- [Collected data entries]

# # # #

lemma exists_nonzerodivisor_mod_all:
  assumes fin: "finite \<J>" and ideals: "\<And>J. J \<in> \<J> \<Longrightarrow> ideal J R"
    and M: "ideal M R" and depth: "\<And>J. J \<in> \<J> \<Longrightarrow> \<not> annihilates_nonzero R J M"
  shows "\<exists>a \<in> M. \<forall>J \<in> \<J>. nonzerodivisor_mod R J a"
proof -
  define S where "S = (\<Union>J \<in> \<J>. associated_primes R J)"
  have "finite S" unfolding S_def using fin ideals finite_associated_primes by blast
  moreover have "\<forall>P \<in> S. primeideal P R" unfolding S_def associated_primes_def by blast
  moreover have "\<forall>P \<in> S. \<not> M \<subseteq> P"
    using depth unfolding S_def associated_primes_def annihilates_nonzero_def by blast
  ultimately obtain a where a: "a \<in> M" "\<forall>P \<in> S. a \<notin> P" using prime_avoidance[OF _ _ M] by blast
  have "nonzerodivisor_mod R J a" if J: "J \<in> \<J>" for J
    using zerodivisor_mod_in_associated_prime[OF ideals[OF J] ideal.Icarr[OF M a(1)]] a(2) J
    unfolding nonzerodivisor_mod_def S_def by blast
  then show ?thesis using a(1) by blast
qed

lemma exists_nonzerodivisor_mod_pair:
  assumes m: "ideal m R" and f: "f \<in> carrier R" and g: "g \<in> carrier R"
    and rf: "nonzerodivisor_mod R {\<zero>} f" and rfg: "nonzerodivisor_mod R (PIdl f) g"
    and z: "z1 \<in> m" "z2 \<in> m" "z3 \<in> m"
    and r1: "nonzerodivisor_mod R {\<zero>} z1" and r2: "nonzerodivisor_mod R (PIdl z1) z2"
    and r3: "nonzerodivisor_mod R (PIdl z1 <+> PIdl z2) z3"
  shows "\<exists>a \<in> m. nonzerodivisor_mod R (PIdl f <+> PIdl g) a"
proof -
  have zc: "z1 \<in> carrier R" "z2 \<in> carrier R" using z ideal.Icarr[OF m] by auto
  have "\<not> annihilates_nonzero R ({\<zero>} <+> PIdl z1) m"
    using nonzerodivisor_mod_not_annihilates_nonzero[OF r2 z(2)] zero_add_PIdl[OF zc(1)] by simp
  then have "\<not> annihilates_nonzero R (PIdl f) m"
    using annihilates_nonzero_add_PIdl_transfer[OF zeroideal f zc(1) z(1) rf r1] zero_add_PIdl[OF f] by auto
  moreover note nonzerodivisor_mod_not_annihilates_nonzero[OF r1 z(1)]
    nonzerodivisor_mod_not_annihilates_nonzero[OF r2 z(2)]
  ultimately have "\<exists>h \<in> m. \<forall>J \<in> {{\<zero>}, PIdl f, PIdl z1}. nonzerodivisor_mod R J h"
    by (intro exists_nonzerodivisor_mod_all[OF _ _ m]) (auto intro: zeroideal cgenideal_ideal f zc(1))
  then obtain h where h: "h \<in> m" "nonzerodivisor_mod R (PIdl f) h" "nonzerodivisor_mod R (PIdl z1) h"
    and rh: "nonzerodivisor_mod R {\<zero>} h" by auto
  have hc: "h \<in> carrier R" using h(1) ideal.Icarr[OF m] by blast
  have "\<not> annihilates_nonzero R (PIdl f <+> PIdl g) m"
  proof
    assume "annihilates_nonzero R (PIdl f <+> PIdl g) m"
    then have "annihilates_nonzero R (PIdl f <+> PIdl h) m"
      by (rule annihilates_nonzero_add_PIdl_transfer[OF cgenideal_ideal[OF f] g hc h(1) rfg h(2)])
    then have "annihilates_nonzero R (PIdl h <+> PIdl f) m" using add_PIdl_commute[OF f hc] by simp
    then have "annihilates_nonzero R (PIdl h <+> PIdl z1) m"
      by (rule annihilates_nonzero_add_PIdl_transfer[OF cgenideal_ideal[OF hc] f zc(1) z(1)
            nonzerodivisor_mod_PIdl_swap[OF f hc rf h(2)] nonzerodivisor_mod_PIdl_swap[OF zc(1) hc r1 h(3)]])
    then have "annihilates_nonzero R (PIdl z1 <+> PIdl h) m" using add_PIdl_commute[OF zc(1) hc] by simp
    then have "annihilates_nonzero R (PIdl z1 <+> PIdl z2) m"
      by (rule annihilates_nonzero_add_PIdl_transfer[OF cgenideal_ideal[OF zc(1)] hc zc(2) z(2) h(3) r2])
    then show False using nonzerodivisor_mod_not_annihilates_nonzero[OF r3 z(3)] by contradiction
  qed
  then show ?thesis
    using exists_nonzerodivisor_mod_all[OF _ _ m, of "{PIdl f <+> PIdl g}"]
      add_PIdl_ideal[OF cgenideal_ideal[OF f] g] by auto
qed

lemma nonunit_in_max_ideal:
  assumes local: "local_ring R" and x: "x \<in> carrier R" "x \<notin> Units R"
  shows "x \<in> max_ideal R"
proof -
  have "PIdl x \<noteq> carrier R"
  proof
    assume "PIdl x = carrier R"
    then obtain y where y: "y \<in> carrier R" "\<one> = y \<otimes> x" unfolding cgenideal_def by blast
    then have "x \<in> Units R" using x(1) m_comm[OF x(1) y(1)] unfolding Units_def by auto
    with x(2) show False ..
  qed
  then obtain M where M: "maximalideal M R" "PIdl x \<subseteq> M"
    using exists_maximalideal_above cgenideal_ideal[OF x(1)] by blast
  then have "M = max_ideal R"
    using local unfolding local_ring_def max_ideal_def by (simp add: the1_equality)
  then show ?thesis using M(2) cgenideal_self[OF x(1)] by blast
qed

end

theorem lemma2p6:
  fixes Q :: "('a, 'b) ring_scheme" (structure)
    and f g :: 'a
  assumes "local_ring Q" and "noetherian_ring Q"
    and "regular_on_quot Q {\<zero>} f" and "regular_on_quot Q {\<zero>} g"
    and "PIdl f \<inter> PIdl g = PIdl (f \<otimes> g)"
    and "depth Q > 2"
  shows "\<exists>a \<in> carrier (Q Quot PIdl (f \<otimes> g)).
           regular_on_quot (Q Quot PIdl (f \<otimes> g))
             (Idl\<^bsub>Q Quot PIdl (f \<otimes> g)\<^esub> {PIdl (f \<otimes> g) +> f, PIdl (f \<otimes> g) +> g}) a"
proof -
  interpret noetherian_cring Q
    using assms(1,2) by (simp add: noetherian_cring_def local_ring_def)
  interpret m: maximalideal "max_ideal Q" Q by (rule maximalideal_max_ideal[OF assms(1)])
  have f: "f \<in> carrier Q" "f \<notin> Units Q" and g: "g \<in> carrier Q"
    using assms(3,4) unfolding regular_on_quot_def by simp_all
  note rf = regular_on_quot_imp_nonzerodivisor_mod[OF assms(3)]
  note rg = regular_on_quot_imp_nonzerodivisor_mod[OF assms(4)]
  obtain z1 z2 z3 where z: "z1 \<in> max_ideal Q" "z2 \<in> max_ideal Q" "z3 \<in> max_ideal Q"
    "nonzerodivisor_mod Q {\<zero>} z1" "nonzerodivisor_mod Q (PIdl z1) z2"
    "nonzerodivisor_mod Q (PIdl z1 <+> PIdl z2) z3"
    by (rule regular_triple_of_depth_gt_2[OF assms(6) m.a_subset])
  obtain a where a: "a \<in> max_ideal Q" "nonzerodivisor_mod Q (PIdl f <+> PIdl g) a"
    using exists_nonzerodivisor_mod_pair[OF m.is_ideal f(1) g(1) rf
        nonzerodivisor_mod_PIdl_of_inter[OF f(1) g(1) rg assms(5)] z] by blast
  have "f \<in> max_ideal Q" by (rule nonunit_in_max_ideal[OF assms(1) f(1,2)])
  then have "regular_on_quot (Q Quot PIdl (f \<otimes> g))
      (Idl\<^bsub>Q Quot PIdl (f \<otimes> g)\<^esub> {PIdl (f \<otimes> g) +> f, PIdl (f \<otimes> g) +> g}) (PIdl (f \<otimes> g) +> a)"
    by (rule regular_on_quot_Quot_pair[OF m.maximalideal_axioms _ g a])
  then show ?thesis unfolding regular_on_quot_def by blast
qed
lemma inner_hermitian_anticommutator:
  fixes K K' :: "complex^'n::finite^'n"
  assumes "adj K = K" "adj K' = K'"
  shows "2 * inner (K *v x) (K' *v x) = inner x ((K ** K' + K' ** K) *v x)"
  using inner_matrix_vector_mult_adj[of x K "K' *v x"] inner_matrix_vector_mult_adj[of x K' "K *v x"]
  by (simp add: assms matrix_vector_mult_add_rdistrib matrix_vector_mul_assoc inner_add_right inner_commute)

lemma inner_clifford_cross_le:
  fixes \<Gamma> :: "nat \<Rightarrow> complex^('m::finite + 'm)^('m::finite + 'm)"
    and X :: "nat \<Rightarrow> complex^'n::finite^'n"
  assumes "is_clifford d \<Gamma>" "i < d" "k < d" "i \<noteq> k"
    and "adj (X i) = X i" "adj (X k) = X k"
    and "norm \<psi> = 1" "norm e = 1"
  shows "2 * inner (kron (X i) (\<Gamma> i) *v vec_tensor \<psi> e) (kron (X k) (\<Gamma> k) *v vec_tensor \<psi> e)
    \<le> opnorm (X i ** X k - X k ** X i)"
proof -
  note cl = assms(1)[unfolded is_clifford_def]
  have \<Gamma>i: "adj (\<Gamma> i) = \<Gamma> i" "\<Gamma> i ** \<Gamma> i = mat 1" and \<Gamma>k: "adj (\<Gamma> k) = \<Gamma> k" "\<Gamma> k ** \<Gamma> k = mat 1"
    using cl assms(2,3) by blast+
  have anti: "\<Gamma> k ** \<Gamma> i = - (\<Gamma> i ** \<Gamma> k)" using cl assms(2-4) by blast
  define C where "C = X i ** X k - X k ** X i"
  define \<phi> where "\<phi> = vec_tensor \<psi> e"
  have norm_\<phi>: "norm \<phi> = 1" using assms(7,8) by (simp add: \<phi>_def norm_vec_tensor)
  have "2 * inner (kron (X i) (\<Gamma> i) *v \<phi>) (kron (X k) (\<Gamma> k) *v \<phi>)
      = inner \<phi> (kron C (\<Gamma> i ** \<Gamma> k) *v \<phi>)"
    by (simp add: inner_hermitian_anticommutator adj_kron assms(5,6) \<Gamma>i \<Gamma>k
        kron_anticommutator[OF anti] C_def)
  also have "\<dots> \<le> norm \<phi> * norm (kron C (\<Gamma> i ** \<Gamma> k) *v \<phi>)"
    by (rule norm_cauchy_schwarz)
  also have "\<dots> = norm (C *v \<psi>)"
    using norm_\<phi> assms(8)
    by (simp add: \<phi>_def kron_matrix_vector_mult_tensor norm_vec_tensor matrix_vector_mul_assoc[symmetric]
        norm_matrix_vector_mult_involution[OF \<Gamma>i] norm_matrix_vector_mult_involution[OF \<Gamma>k])
  also have "\<dots> \<le> opnorm C"
    using norm_matrix_vector_mult_le_opnorm[of C \<psi>] assms(7) by simp
  finally show ?thesis by (simp add: \<phi>_def C_def)
qed

lemma norm_clifford_sum_squared_le:
  fixes \<Gamma> :: "nat \<Rightarrow> complex^('m::finite + 'm)^('m::finite + 'm)"
    and X :: "nat \<Rightarrow> complex^'n::finite^'n"
  assumes "is_clifford d \<Gamma>" "\<forall>i<d. adj (X i) = X i" "norm \<psi> = 1" "norm e = 1"
  shows "(norm (\<Sum>i<d. kron (X i) (\<Gamma> i) *v vec_tensor \<psi> e))\<^sup>2
    \<le> (\<Sum>i<d. (norm (X i *v \<psi>))\<^sup>2)
      + (\<Sum>i<d. \<Sum>k<d. if i \<noteq> k then opnorm (X i ** X k - X k ** X i) else 0)"
proof -
  have norm_summand: "norm (kron (X i) (\<Gamma> i) *v vec_tensor \<psi> e) = norm (X i *v \<psi>)" if "i < d" for i
    using assms(1,4) that
    by (simp add: is_clifford_def kron_matrix_vector_mult_tensor norm_vec_tensor
        norm_matrix_vector_mult_involution)
  have cross: "inner (kron (X i) (\<Gamma> i) *v vec_tensor \<psi> e) (kron (X k) (\<Gamma> k) *v vec_tensor \<psi> e)
      \<le> opnorm (X i ** X k - X k ** X i)" if "i < d" "k < d" "i \<noteq> k" for i k
    using inner_clifford_cross_le[OF assms(1) that, of X \<psi> e] assms(2-4) that
      opnorm_nonneg[of "X i ** X k - X k ** X i"]
    by simp
  show ?thesis
    unfolding norm_sum_squared
    by (intro add_mono sum_mono) (auto simp: norm_summand cross)
qed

# # # #

- [To do] If a line in the entries above has the word "notin", copy it.

- [Written answer]
  ultimately obtain a where a: "a \<in> M" "\<forall>P \<in> S. a \<notin> P" using prime_avoidance[OF _ _ M] by blast
  assumes local: "local_ring R" and x: "x \<in> carrier R" "x \<notin> Units R"
  have f: "f \<in> carrier Q" "f \<notin> Units Q" and g: "g \<in> carrier Q"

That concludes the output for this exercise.